Below is a block of records. Copy every line in it that contains the word "auto".

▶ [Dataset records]
[Start of Attachment]

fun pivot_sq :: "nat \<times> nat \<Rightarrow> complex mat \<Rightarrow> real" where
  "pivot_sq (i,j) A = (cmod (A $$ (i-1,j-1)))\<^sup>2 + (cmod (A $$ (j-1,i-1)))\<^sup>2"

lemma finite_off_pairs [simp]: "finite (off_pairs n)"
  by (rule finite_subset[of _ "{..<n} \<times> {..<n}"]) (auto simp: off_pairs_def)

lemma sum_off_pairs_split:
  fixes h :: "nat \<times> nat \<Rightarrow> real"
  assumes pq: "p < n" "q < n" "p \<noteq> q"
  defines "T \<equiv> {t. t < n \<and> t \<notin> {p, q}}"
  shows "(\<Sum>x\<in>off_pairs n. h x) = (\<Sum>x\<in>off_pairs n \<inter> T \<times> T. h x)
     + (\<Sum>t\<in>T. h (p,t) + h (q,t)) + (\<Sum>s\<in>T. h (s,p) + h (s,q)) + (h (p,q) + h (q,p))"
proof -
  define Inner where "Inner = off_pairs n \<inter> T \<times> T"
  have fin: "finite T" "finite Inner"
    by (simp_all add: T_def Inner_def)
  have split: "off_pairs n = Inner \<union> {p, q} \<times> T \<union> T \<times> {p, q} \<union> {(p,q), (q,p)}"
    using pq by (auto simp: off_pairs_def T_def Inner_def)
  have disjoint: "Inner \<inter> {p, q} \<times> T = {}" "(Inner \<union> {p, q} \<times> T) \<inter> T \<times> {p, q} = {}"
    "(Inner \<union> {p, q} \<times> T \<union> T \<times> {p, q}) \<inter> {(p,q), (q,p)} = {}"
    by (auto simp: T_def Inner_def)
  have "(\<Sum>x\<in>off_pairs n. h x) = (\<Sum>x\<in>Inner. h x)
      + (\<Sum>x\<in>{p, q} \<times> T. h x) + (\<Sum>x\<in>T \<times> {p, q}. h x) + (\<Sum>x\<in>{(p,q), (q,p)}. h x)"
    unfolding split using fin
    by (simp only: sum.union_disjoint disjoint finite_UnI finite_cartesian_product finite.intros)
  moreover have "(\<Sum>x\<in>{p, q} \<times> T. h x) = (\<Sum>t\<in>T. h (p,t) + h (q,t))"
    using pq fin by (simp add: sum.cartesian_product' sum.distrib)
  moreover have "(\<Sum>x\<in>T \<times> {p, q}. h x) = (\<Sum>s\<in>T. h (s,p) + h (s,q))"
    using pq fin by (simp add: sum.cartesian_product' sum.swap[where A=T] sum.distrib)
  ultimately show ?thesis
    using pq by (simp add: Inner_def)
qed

[End of Attachment]

▶ [Result of this exercise]
  by (rule finite_subset[of _ "{..<n} \<times> {..<n}"]) (auto simp: off_pairs_def)
    using pq by (auto simp: off_pairs_def T_def Inner_def)
    by (auto simp: T_def Inner_def)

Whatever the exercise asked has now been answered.